Não queremos ferir o direito autoral, mas isso não é direito autoral. Quando uma empresa de radiodifusão vende uma novela, o direito patrimonial é dela. Ela tem que pagar todos os direitos autorais implícitos na obra – sonoplastia, atores, diretor, etc. Respeitaremos os direitos autorais, mas pagar duas vezes quando, na verdade, o financiamento é público, não se justifica.
Vamos reelaborar o projeto de lei. Já temos uma sugestão, e vai dizer basicamente o seguinte: esgotada a vida comercial daquele produto que teve 100% de renúncia, ele poderá ser disponibilizado nas escolas públicas e nas bibliotecas para fins educativos, sem fins lucrativos.”
Juca Ferreira já percorreu quase todos os estados brasileiros, e o MinC parece acatar sugestões. Aguardemos o término do prazo para as modificações na Lei Rouanet e a criação do PROFIC, que parecem estar sendo bem administradas pelo governo, salvo as já tradicionais incursões dos lobbies nocivos. Finaliza o ministro:
“Estamos fazendo um projeto de lei específico, para ser aprovado imediatamente, enquanto estamos discutindo os mecanismos de reforma da Lei Rouanet. Não há nada assustador. Ao contrário. Queremos que o desenvolvimento cultural seja disponibilizado para os brasileiros de todas as regiões do Brasil.

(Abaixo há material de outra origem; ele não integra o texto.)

section \<open>Variance of the mean\<close>

lemma (in prob_space) weighted_variance_expectation_le:
  fixes F :: "'a \<Rightarrow> 's::finite \<Rightarrow> real"
  assumes F: "\<And>y. bounded_rv M (\<lambda>\<omega>. F \<omega> y)" and m: "\<And>y. 0 \<le> m y" "sum m UNIV = 1"
  shows "weighted_variance m (\<lambda>y. expectation (\<lambda>\<omega>. F \<omega> y))
           \<le> expectation (\<lambda>\<omega>. weighted_variance m (F \<omega>))"
proof -
  define Fb where "Fb y = expectation (\<lambda>\<omega>. F \<omega> y)" for y
  define D where "D \<omega> y = F \<omega> y - Fb y" for \<omega> y
  define c where "c y = m y * (Fb y - (\<Sum>z\<in>UNIV. m z * Fb z))" for y
  \<comment> \<open>The cross term of \<open>F = Fb + D\<close> is linear in the centred \<open>D\<close>, so it has mean 0.\<close>
  have D: "bounded_rv M (\<lambda>\<omega>. D \<omega> y)" for y
    unfolding D_def using F by auto
  have D_mean: "expectation (\<lambda>\<omega>. D \<omega> y) = 0" for y
    unfolding D_def Fb_def using bounded_rv_integrable[OF F] by (simp add: prob_space)
  have split: "weighted_variance m (F \<omega>)
      = weighted_variance m Fb + weighted_variance m (D \<omega>) + 2 * (\<Sum>y\<in>UNIV. c y * D \<omega> y)" for \<omega>
  proof -
    have "F \<omega> = (\<lambda>y. Fb y + D \<omega> y)" unfolding D_def by auto
    then show ?thesis using weighted_variance_add[OF m(2), of Fb "D \<omega>"] by (simp add: c_def)
  qed
  have "expectation (\<lambda>\<omega>. weighted_variance m (F \<omega>))
      = weighted_variance m Fb + expectation (\<lambda>\<omega>. weighted_variance m (D \<omega>))
        + 2 * (\<Sum>y\<in>UNIV. c y * expectation (\<lambda>\<omega>. D \<omega> y))"
  proof -
    have "integrable M (\<lambda>\<omega>. weighted_variance m (D \<omega>))"
      by (intro bounded_rv_integrable bounded_rv_weighted_variance bounded_rv_const D)
    moreover have "integrable M (\<lambda>\<omega>. D \<omega> y)" for y
      using D by (rule bounded_rv_integrable)
    ultimately show ?thesis
      unfolding split by (simp add: integrable_sum prob_space sum_distrib_left)
  qed
  also have "\<dots> = weighted_variance m Fb + expectation (\<lambda>\<omega>. weighted_variance m (D \<omega>))"
    by (simp add: D_mean)
  finally show ?thesis
    unfolding Fb_def[symmetric]
    using integral_nonneg_AE[OF AE_I2[OF weighted_variance_nonneg[OF m(1)]]] by simp
qed

lemma (in prob_space) expectation_weighted_variance:
  assumes "sum m UNIV = 1" and V: "\<And>y. bounded_rv M (\<lambda>\<omega>. V \<omega> y)"
  shows "expectation (\<lambda>\<omega>. weighted_variance m (V \<omega>))
    = (\<Sum>y\<in>UNIV. m y * expectation (\<lambda>\<omega>. V \<omega> y * V \<omega> y))
      - (\<Sum>y\<in>UNIV. \<Sum>z\<in>UNIV. (m y * m z) * expectation (\<lambda>\<omega>. V \<omega> y * V \<omega> z))"
proof -
  have "integrable M (\<lambda>\<omega>. V \<omega> y * V \<omega> z)" for y z
    by (intro bounded_rv_integrable bounded_rv_mult V)
  then show ?thesis
    unfolding weighted_variance_eq_quadratic_form[OF assms(1)] by (simp add: integrable_sum)
qed
(* Let $\sigma$ be a symmetry of a pseudo-Boolean formula with support $\{x_{i_1},\dots,x_{i_k}\}$, $i_1<\dots<i_k$, and write $p_j=x_{i_j}$, $q_j=\sigma(x_{i_j})$. From the circuit constraints for $\sigma$ (defined below) together with $t_k\ge1$, the symmetry-breaking clauses $s_1+\bar p_1\ge1$; $s_{j+1}+\bar s_j+\bar p_{j+1}\ge1$ ($1\le j\le k-2$); $s_1+q_1\ge1$; $s_{j+1}+\bar s_j+q_{j+1}\ge1$ ($1\le j\le k-2$); $q_1+\bar p_1\ge1$; $\bar s_j+q_{j+1}+\bar p_{j+1}\ge1$ ($1\le j\le k-1$) can be derived using $O(k)$ RUP steps and cutting planes steps.
   Context: Literals are $x$ or $\bar x=1-x$; PB constraints $\sum_i c_i\ell_i\ge A$; $\neg(\sum c_i\ell_i\ge A)\doteq\sum c_i\bar\ell_i\ge\sum c_i-A+1$. A symmetry $\sigma$ of a formula $F$ is a permutation of literals with $\sigma(\bar\ell)=\overline{\sigma(\ell)}$ and finite support $\{x:\sigma(x)\ne x\}$ such that applying $\sigma$ to $F$ yields $F$ syntactically. Circuit constraints for $\sigma$ (fresh variables $s_1..s_{k-1}$, $t_1..t_k$): $\bar s_1+p_1+\bar q_1\ge1$; $2s_1+\bar p_1+q_1\ge2$; for $1\le j\le k-2$: $3\bar s_{j+1}+2s_j+p_{j+1}+\bar q_{j+1}\ge3$, $2s_{j+1}+2\bar s_j+\bar p_{j+1}+q_{j+1}\ge2$; $\bar t_1+q_1+\bar p_1\ge1$; $2t_1+\bar q_1+p_1\ge2$; for $1\le j\le k-1$: $4\bar t_{j+1}+3t_j+\bar s_j+q_{j+1}+\bar p_{j+1}\ge4$, $3t_{j+1}+3\bar t_j+s_j+\bar q_{j+1}+p_{j+1}\ge3$. A cutting planes step derives a new constraint from a bounded number of available constraints and literal axioms using addition, positive multiplication, division with rounding up, saturation ($\sum c_i\ell_i\ge A\mapsto\sum\min(c_i,A)\ell_i\ge A$) and weakening. A RUP step derives $D$ if unit propagation on the available constraints together with $\neg D$ reaches a conflict (unit propagation: a constraint with negative slack $\sum_{i:\rho(\ell_i)\ne0}c_i-A$ under partial assignment $\rho$ is a conflict; an unassigned literal whose coefficient exceeds the slack is set to true). *)

theory Defs
  imports Main
begin

datatype 'v lit = Pos 'v | Neg 'v

fun neg_lit :: "'v lit \<Rightarrow> 'v lit" where
  "neg_lit (Pos v) = Neg v" | "neg_lit (Neg v) = Pos v"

Que haja parceria público-privada, mas uma parceria verdadeira. Queremos fortalecer essa parceria. Pensamos que o empresariado pode pingar alguma coisa. Trinta por cento já seria razoável – botamos 70%, e o empresariado bota 30%. Agora, 100% de renúncia, absolutamente 100% de dinheiro público para o critério ser privado, não é justo, não é correto com a sociedade brasileira.”
maio 7th, 2009 at 10:25
A mentira mascarando a verdade: o perverso sermão dos defensores da Lei Rouanet.
Após a erupção de acusações lançadas ao Ministro da Cultura, culminando na comparação com Hitler, Stalin e Bush, (www.culturaemercado.com.br/post/o-juca-e-a-propria-lei/) a oposição à reformulação da Lei Rouanet continua com a campanha da distorção da realidade, questionando a integridade do Minc.

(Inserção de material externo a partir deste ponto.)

lemma cmod_cross_le:
  fixes u v w :: complex
  assumes "cmod w \<le> C"
  shows "2 * cmod (w * v * cnj u) \<le> C * ((cmod u)\<^sup>2 + (cmod v)\<^sup>2)"
proof -
  have "2 * cmod (w * v * cnj u) \<le> C * (2 * cmod v * cmod u)"
    using assms by (simp add: norm_mult mult.assoc mult_right_mono)
  also have "\<dots> \<le> C * ((cmod u)\<^sup>2 + (cmod v)\<^sup>2)"
    using assms sum_squares_bound[of "cmod v" "cmod u"]
    by (intro mult_left_mono) (auto intro: order_trans[OF norm_ge_zero])
  finally show ?thesis .
qed

lemma summable_on_cross:
  fixes u v w :: "'a \<Rightarrow> complex"
  assumes u: "(\<lambda>k. (cmod (u k))\<^sup>2) summable_on A"
    and v: "(\<lambda>k. (cmod (v k))\<^sup>2) summable_on A"
    and w: "\<And>k. cmod (w k) \<le> C"
  shows "(\<lambda>k. w k * v k * cnj (u k)) summable_on A"
proof -
  have "(\<lambda>k. cmod (w k * v k * cnj (u k))) summable_on A"
  proof (rule summable_on_comparison_test)
    show "(\<lambda>k. C * ((cmod (u k))\<^sup>2 + (cmod (v k))\<^sup>2)) summable_on A"
      using summable_on_cmult_right[OF summable_on_add[OF u v]] .
    show "cmod (w k * v k * cnj (u k)) \<le> C * ((cmod (u k))\<^sup>2 + (cmod (v k))\<^sup>2)" for k
      using cmod_cross_le[OF w[of k], where v = "v k" and u = "u k"]
        norm_ge_zero[of "w k * v k * cnj (u k)"]
      by linarith
  qed simp
  then show ?thesis
    using summable_on_iff_abs_summable_on_complex by blast
qed

lemma Re_infsum_cross_ge:
  fixes u v w :: "'a \<Rightarrow> complex"
  assumes u: "(\<lambda>k. (cmod (u k))\<^sup>2) summable_on A"
    and v: "(\<lambda>k. (cmod (v k))\<^sup>2) summable_on A"
    and w: "\<And>k. cmod (w k) \<le> 1"
  shows "- ((\<Sum>\<^sub>\<infinity>k\<in>A. (cmod (u k))\<^sup>2) + (\<Sum>\<^sub>\<infinity>k\<in>A. (cmod (v k))\<^sup>2))
           \<le> 2 * Re (\<Sum>\<^sub>\<infinity>k\<in>A. w k * v k * cnj (u k))"
proof -
  define P where "P k = w k * v k * cnj (u k)" for k
  have P: "P summable_on A"
    unfolding P_def using summable_on_cross[OF u v w] .
  have "0 \<le> (\<Sum>\<^sub>\<infinity>k\<in>A. (cmod (u k))\<^sup>2 + (cmod (v k))\<^sup>2 + 2 * Re (P k))"
  proof (rule infsum_nonneg)
    show "0 \<le> (cmod (u k))\<^sup>2 + (cmod (v k))\<^sup>2 + 2 * Re (P k)" for k
      using cmod_cross_le[OF w[of k], where v = "v k" and u = "u k"] abs_Re_le_cmod[of "P k"]
      unfolding P_def by (simp add: abs_le_iff)
  qed
  also have "\<dots> = (\<Sum>\<^sub>\<infinity>k\<in>A. (cmod (u k))\<^sup>2) + (\<Sum>\<^sub>\<infinity>k\<in>A. (cmod (v k))\<^sup>2)
                   + 2 * Re (\<Sum>\<^sub>\<infinity>k\<in>A. P k)"
    using u v summable_on_Re[OF P]
    by (simp add: infsum_add summable_on_add summable_on_cmult_right infsum_cmult_right
        infsum_Re[OF P])
  finally show ?thesis
    unfolding P_def by linarith
qed

definition shift1 :: "nat \<times> nat \<Rightarrow> nat \<times> nat" where
  "shift1 k = (Suc (fst k), snd k)"

definition shift2 :: "nat \<times> nat \<Rightarrow> nat \<times> nat" where
  "shift2 k = (fst k, Suc (snd k))"

lemma inj_shift1: "inj shift1"
  by (auto simp: inj_def shift1_def prod_eq_iff)

lemma inj_shift2: "inj shift2"
  by (auto simp: inj_def shift2_def prod_eq_iff)

lemma range_shift1: "range shift1 = {k. fst k \<noteq> 0}"
  by (auto simp: shift1_def image_iff gr0_conv_Suc intro: exI[of _ "(_, _)"])

lemma range_shift2: "range shift2 = {k. snd k \<noteq> 0}"
  by (auto simp: shift2_def image_iff gr0_conv_Suc intro: exI[of _ "(_, _)"])

lemma wa_shift1 [simp]: "wa a x y (shift1 k) = 1"
  by (simp add: shift1_def)

lemma wb_shift2 [simp]: "wb a x y (shift2 k) = 1"
  by (simp add: shift2_def)

definition cross_weight :: "real \<Rightarrow> real \<Rightarrow> real \<Rightarrow> nat \<times> nat \<Rightarrow> real" where
  "cross_weight a x y k = wb a x y (shift1 k) * wa a x y (shift2 k)"

lemma abs_wa_le: "\<bar>wa a x y k\<bar> \<le> \<bar>x\<bar> + \<bar>a\<bar> + 1"
  by (cases k) auto

lemma abs_wb_le: "\<bar>wb a x y k\<bar> \<le> \<bar>y\<bar> + \<bar>a * y / x\<bar> + 1"
  by (cases k) auto

lemma abs_cross_weight_le:
  "\<bar>cross_weight a x y k\<bar> \<le> (\<bar>y\<bar> + \<bar>a * y / x\<bar> + 1) * (\<bar>x\<bar> + \<bar>a\<bar> + 1)"
  unfolding cross_weight_def abs_mult by (intro mult_mono abs_wa_le abs_wb_le) auto

lemma abs_cross_weight_le_1:
  assumes "\<bar>a\<bar> \<le> 1" and "\<bar>a * y / x\<bar> \<le> 1"
  shows "\<bar>cross_weight a x y k\<bar> \<le> 1"
  using assms by (cases k) (auto simp: cross_weight_def shift1_def shift2_def abs_mult mult_le_one)

lemma T1adj_T1: "T1adj a x y (T1 a x y f) k = of_real ((wa a x y k)\<^sup>2) * f k"
  by (cases k) (simp add: power2_eq_square del: wa.simps)

lemma T2adj_T2: "T2adj a x y (T2 a x y f) k = of_real ((wb a x y k)\<^sup>2) * f k"
  by (cases k) (simp add: power2_eq_square del: wb.simps)

lemma T2adj_T1_shift1:
  "T2adj a x y (T1 a x y g) (shift1 k) = of_real (cross_weight a x y k) * g (shift2 k)"
  by (simp add: cross_weight_def shift1_def shift2_def del: wa.simps wb.simps)

lemma T1adj_T2_shift2:
  "T1adj a x y (T2 a x y f) (shift2 k) = of_real (cross_weight a x y k) * f (shift1 k)"
  by (simp add: cross_weight_def shift1_def shift2_def mult.commute del: wa.simps wb.simps)

lemma T2adj_T1_outside: "k \<notin> range shift1 \<Longrightarrow> T2adj a x y (T1 a x y g) k = 0"
  by (cases k) (simp add: range_shift1)

lemma T1adj_T2_outside: "k \<notin> range shift2 \<Longrightarrow> T1adj a x y (T2 a x y f) k = 0"
  by (cases k) (simp add: range_shift2)

lemma summable_on_norm_sq_shift:
  assumes "is_l2 f"
  shows "(\<lambda>k. (cmod (f (shift1 k)))\<^sup>2) summable_on UNIV"
    and "(\<lambda>k. (cmod (f (shift2 k)))\<^sup>2) summable_on UNIV"
  using is_l2_comp_inj[OF assms inj_shift1] is_l2_comp_inj[OF assms inj_shift2]
  by (simp_all add: is_l2_def)

definition cross_term :: "real \<Rightarrow> real \<Rightarrow> real \<Rightarrow>
    (nat \<times> nat \<Rightarrow> complex) \<Rightarrow> (nat \<times> nat \<Rightarrow> complex) \<Rightarrow> complex" where
  "cross_term a x y f g =
     (\<Sum>\<^sub>\<infinity>k. of_real (cross_weight a x y k) * g (shift2 k) * cnj (f (shift1 k)))"

lemma has_sum_cross_term:
  assumes "is_l2 f" and "is_l2 g"
  shows "((\<lambda>k. of_real (cross_weight a x y k) * g (shift2 k) * cnj (f (shift1 k)))
           has_sum cross_term a x y f g) UNIV"
proof -
  have "(\<lambda>k. of_real (cross_weight a x y k) * g (shift2 k) * cnj (f (shift1 k))) summable_on UNIV"
    by (rule summable_on_cross[OF summable_on_norm_sq_shift(1)[OF assms(1)]
          summable_on_norm_sq_shift(2)[OF assms(2)]])
      (simp only: norm_of_real, rule abs_cross_weight_le)
  then show ?thesis
    unfolding cross_term_def by (rule has_sum_infsum)
qed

Parece-me que os proponentes dessas barbaridades (uma turma Paulista bem-articulada de “consultores” e advogados “especializados”) estudaram e aprenderam as táticas do Governo neoliberal Bush/Cheney que brilhou na propaganda difamatória e na concepção de mentiras mascarando a verdade: simplesmente a inversão total da realidade e a projeção máxima da mesma.
Basta lembrar dos “Clear Skies Act” (Ato do céu limpo), permitindo mais poluição industrial, “Healthy Forest initiative” (Iniciativa floresta saudável) permitindo mais desmatamento, EPA Clean Water Rules (regras para água limpa) permitindo a industria poluir a água potável com arsênico, etc.
A utilização e manipulação mais cínica e oportunista da mídia, do povo e da democracia podem ser visto na campanha “A lei Rouanet é Nossa!”, junto à perturbadora (ridícula) imagem de mãos de pessoas presas e sem saída – quando se sabe que 3% dos proponentes (concentrados no sudeste) ficam com 50% do dinheiro publico destinado para cultura (R$1 bilhão), e uma assustadora e execrável porcentagem deste dinheiro fica nas mãos dos advogados, captadores e consultores e outros parasitas da cultura Brasileira (aparentemente presos e sem saída se o sistema se tornar justo e democrático).
“Democracia se faz com Arte” e outros slogans banais e o uso sedutor e sórdido de palavras politicamente corretas como “liberdade”, “equidade para dialogo” e “interesse publico” são utilizados sem escrúpulo, virando assim mantras triviais: palavras vazias e sem sentido em um contexto onde poucos ganham tudo e a maioria fica com nada que reflete exatamente o quadro sócio-econômico do país.
A provocativa pergunta “Quem ganha com o fim da Lei Rouanet?” (www.culturaemercado.com.br/post/quem-ganha-com-o-fim-da-lei-rouanet/) que conclui, mais uma vez, com uma abominável declaração que o Ministro Juca Ferreira somente se beneficia com projeção na mídia, tem uma simples resposta: O artista e o povo Brasileiro.
Quem perde? Aqueles 3% que até agora abusaram do sistema.